▶ **EXERCISE OBJECTIVE**: Below are records; write all of them out exactly.

________________

lemma latin_machine_load:
  assumes "k < m"
  shows "bwf_load (m\<^sup>2) s k = m"
proof -
  have "bwf_load (m\<^sup>2) s k = card (\<Union>c<m. {i\<in>{..<m\<^sup>2}. i div m = c \<and> s i = k})"
    unfolding bwf_load_def using div_less_of_less_square by (intro arg_cong[where f = card]) auto
  also have "\<dots> = (\<Sum>c<m. card {i\<in>{..<m\<^sup>2}. i div m = c \<and> s i = k})"
    by (rule card_UN_disjoint) auto
  also have "\<dots> = m"
    using latin assms by simp
  finally show ?thesis .
qed

lemma latin_friends_on_machine:
  assumes "i < m\<^sup>2" "k < m"
  shows "card {j\<in>{..<m\<^sup>2}. clique_graph m i j \<and> s j = k} = of_bool (s i \<noteq> k)"
proof -
  let ?cell = "{j\<in>{..<m\<^sup>2}. j div m = i div m \<and> s j = k}"
  have "{j\<in>{..<m\<^sup>2}. clique_graph m i j \<and> s j = k} = ?cell - {i}"
    using assms(1) by (auto simp: clique_graph_def)
  moreover have "card ?cell = 1"
    using latin assms div_less_of_less_square by blast
  ultimately show ?thesis
    using assms(1) by (simp add: card_Diff_singleton_if)
qed

lemma latin_deviation_cost:
  assumes "i < m\<^sup>2" "k < m"
  shows "bwf_cost (m\<^sup>2) (clique_graph m) (s(i := k)) i = 2 * m - 1"
proof -
  have "card {j\<in>{..<m\<^sup>2}. clique_graph m i j \<and> s j \<noteq> k} = m - 1 - of_bool (s i \<noteq> k)"
    using card_filter_split[of "{..<m\<^sup>2}" "clique_graph m i" "\<lambda>j. s j = k"]
      latin_friends_on_machine[OF assms] bwf_degree_clique_graph[OF assms(1)]
    unfolding bwf_degree_def by simp
  moreover have "s i \<noteq> k \<Longrightarrow> 2 \<le> m"
    using assms bwf_states_range[OF s assms(1)] by linarith
  ultimately show ?thesis
    using assms by (auto simp: bwf_cost_fun_upd_self clique_graph_def latin_machine_load)
qed

lemma latin_cost:
  assumes "i < m\<^sup>2"
  shows "bwf_cost (m\<^sup>2) (clique_graph m) s i = 2 * m - 1"
  using latin_deviation_cost[OF assms bwf_states_range[OF s assms]] by simp

lemma latin_pure_NE: "bwf_pure_NE (m\<^sup>2) m (clique_graph m) s"
  unfolding bwf_pure_NE_def using s by (simp add: latin_cost latin_deviation_cost)

lemma latin_social_cost:
  assumes "0 < m"
  shows "real (bwf_social_cost (m\<^sup>2) (clique_graph m) s)
    = (2 - 1 / real m) * real (bwf_opt (m\<^sup>2) m (clique_graph m))"
proof -
  have "bwf_social_cost (m\<^sup>2) (clique_graph m) s = m\<^sup>2 * (2 * m - 1)"
    unfolding bwf_social_cost_def by (simp add: latin_cost)
  then show ?thesis
    unfolding bwf_opt_clique_graph[OF assms]
    using assms by (simp add: of_nat_diff power2_eq_square power3_eq_cube field_simps)
qed

end

theorem theorem10:
  shows "(\<forall>n m E. m \<ge> 1 \<longrightarrow> simple_graph_on n E \<longrightarrow>
            bwf_semi_smooth n m E (2 - 1 / real m) 0 \<and>
            (\<forall>\<sigma>. bwf_CCE n m E \<sigma> \<longrightarrow>
               measure_pmf.expectation \<sigma> (\<lambda>s. real (bwf_social_cost n E s))
                 \<le> (2 - 1 / real m) * real (bwf_opt n m E)))
       \<and>
         (\<forall>m. m \<ge> 1 \<longrightarrow>
            (\<forall>s \<in> bwf_states (m^2) m.
               (\<forall>c<m. \<forall>k<m. card {i \<in> {..<m^2}. i div m = c \<and> s i = k} = 1) \<longrightarrow>
               bwf_pure_NE (m^2) m (clique_graph m) s \<and>
               real (bwf_social_cost (m^2) (clique_graph m) s)
                 = (2 - 1 / real m) * real (bwf_opt (m^2) m (clique_graph m))))"
proof (intro conjI allI impI ballI)
  fix n m :: nat and E assume "1 \<le> m" "simple_graph_on n E"
  then show smooth: "bwf_semi_smooth n m E (2 - 1 / real m) 0"
    by (simp add: bwf_semi_smooth_uniform)
  fix \<sigma> assume "bwf_CCE n m E \<sigma>"
  from bwf_CCE_social_cost_le[OF smooth _ this]
  show "measure_pmf.expectation \<sigma> (\<lambda>s. real (bwf_social_cost n E s)) \<le> (2 - 1 / real m) * real (bwf_opt n m E)"
    by simp
next
  fix m :: nat and s assume "1 \<le> m" "s \<in> bwf_states (m\<^sup>2) m"
    "\<forall>c<m. \<forall>k<m. card {i\<in>{..<m\<^sup>2}. i div m = c \<and> s i = k} = 1"
  then show "bwf_pure_NE (m\<^sup>2) m (clique_graph m) s"
    and "real (bwf_social_cost (m\<^sup>2) (clique_graph m) s)
      = (2 - 1 / real m) * real (bwf_opt (m\<^sup>2) m (clique_graph m))"
    by (simp_all add: latin_pure_NE latin_social_cost)
qed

________________

▶ **EXERCISE OUTPUT**:
lemma latin_machine_load:
  assumes "k < m"
  shows "bwf_load (m\<^sup>2) s k = m"
proof -
  have "bwf_load (m\<^sup>2) s k = card (\<Union>c<m. {i\<in>{..<m\<^sup>2}. i div m = c \<and> s i = k})"
    unfolding bwf_load_def using div_less_of_less_square by (intro arg_cong[where f = card]) auto
  also have "\<dots> = (\<Sum>c<m. card {i\<in>{..<m\<^sup>2}. i div m = c \<and> s i = k})"
    by (rule card_UN_disjoint) auto
  also have "\<dots> = m"
    using latin assms by simp
  finally show ?thesis .
qed

lemma latin_friends_on_machine:
  assumes "i < m\<^sup>2" "k < m"
  shows "card {j\<in>{..<m\<^sup>2}. clique_graph m i j \<and> s j = k} = of_bool (s i \<noteq> k)"
proof -
  let ?cell = "{j\<in>{..<m\<^sup>2}. j div m = i div m \<and> s j = k}"
  have "{j\<in>{..<m\<^sup>2}. clique_graph m i j \<and> s j = k} = ?cell - {i}"
    using assms(1) by (auto simp: clique_graph_def)
  moreover have "card ?cell = 1"
    using latin assms div_less_of_less_square by blast
  ultimately show ?thesis
    using assms(1) by (simp add: card_Diff_singleton_if)
qed

lemma latin_deviation_cost:
  assumes "i < m\<^sup>2" "k < m"
  shows "bwf_cost (m\<^sup>2) (clique_graph m) (s(i := k)) i = 2 * m - 1"
proof -
  have "card {j\<in>{..<m\<^sup>2}. clique_graph m i j \<and> s j \<noteq> k} = m - 1 - of_bool (s i \<noteq> k)"
    using card_filter_split[of "{..<m\<^sup>2}" "clique_graph m i" "\<lambda>j. s j = k"]
      latin_friends_on_machine[OF assms] bwf_degree_clique_graph[OF assms(1)]
    unfolding bwf_degree_def by simp
  moreover have "s i \<noteq> k \<Longrightarrow> 2 \<le> m"
    using assms bwf_states_range[OF s assms(1)] by linarith
  ultimately show ?thesis
    using assms by (auto simp: bwf_cost_fun_upd_self clique_graph_def latin_machine_load)
qed

lemma latin_cost:
  assumes "i < m\<^sup>2"
  shows "bwf_cost (m\<^sup>2) (clique_graph m) s i = 2 * m - 1"
  using latin_deviation_cost[OF assms bwf_states_range[OF s assms]] by simp

lemma latin_pure_NE: "bwf_pure_NE (m\<^sup>2) m (clique_graph m) s"
  unfolding bwf_pure_NE_def using s by (simp add: latin_cost latin_deviation_cost)

lemma latin_social_cost:
  assumes "0 < m"
  shows "real (bwf_social_cost (m\<^sup>2) (clique_graph m) s)
    = (2 - 1 / real m) * real (bwf_opt (m\<^sup>2) m (clique_graph m))"
proof -
  have "bwf_social_cost (m\<^sup>2) (clique_graph m) s = m\<^sup>2 * (2 * m - 1)"
    unfolding bwf_social_cost_def by (simp add: latin_cost)
  then show ?thesis
    unfolding bwf_opt_clique_graph[OF assms]
    using assms by (simp add: of_nat_diff power2_eq_square power3_eq_cube field_simps)
qed

end

theorem theorem10:
  shows "(\<forall>n m E. m \<ge> 1 \<longrightarrow> simple_graph_on n E \<longrightarrow>
            bwf_semi_smooth n m E (2 - 1 / real m) 0 \<and>
            (\<forall>\<sigma>. bwf_CCE n m E \<sigma> \<longrightarrow>
               measure_pmf.expectation \<sigma> (\<lambda>s. real (bwf_social_cost n E s))
                 \<le> (2 - 1 / real m) * real (bwf_opt n m E)))
       \<and>
         (\<forall>m. m \<ge> 1 \<longrightarrow>
            (\<forall>s \<in> bwf_states (m^2) m.
               (\<forall>c<m. \<forall>k<m. card {i \<in> {..<m^2}. i div m = c \<and> s i = k} = 1) \<longrightarrow>
               bwf_pure_NE (m^2) m (clique_graph m) s \<and>
               real (bwf_social_cost (m^2) (clique_graph m) s)
                 = (2 - 1 / real m) * real (bwf_opt (m^2) m (clique_graph m))))"
proof (intro conjI allI impI ballI)
  fix n m :: nat and E assume "1 \<le> m" "simple_graph_on n E"
  then show smooth: "bwf_semi_smooth n m E (2 - 1 / real m) 0"
    by (simp add: bwf_semi_smooth_uniform)
  fix \<sigma> assume "bwf_CCE n m E \<sigma>"
  from bwf_CCE_social_cost_le[OF smooth _ this]
  show "measure_pmf.expectation \<sigma> (\<lambda>s. real (bwf_social_cost n E s)) \<le> (2 - 1 / real m) * real (bwf_opt n m E)"
    by simp
next
  fix m :: nat and s assume "1 \<le> m" "s \<in> bwf_states (m\<^sup>2) m"
    "\<forall>c<m. \<forall>k<m. card {i\<in>{..<m\<^sup>2}. i div m = c \<and> s i = k} = 1"
  then show "bwf_pure_NE (m\<^sup>2) m (clique_graph m) s"
    and "real (bwf_social_cost (m\<^sup>2) (clique_graph m) s)
      = (2 - 1 / real m) * real (bwf_opt (m\<^sup>2) m (clique_graph m))"
    by (simp_all add: latin_pure_NE latin_social_cost)
qed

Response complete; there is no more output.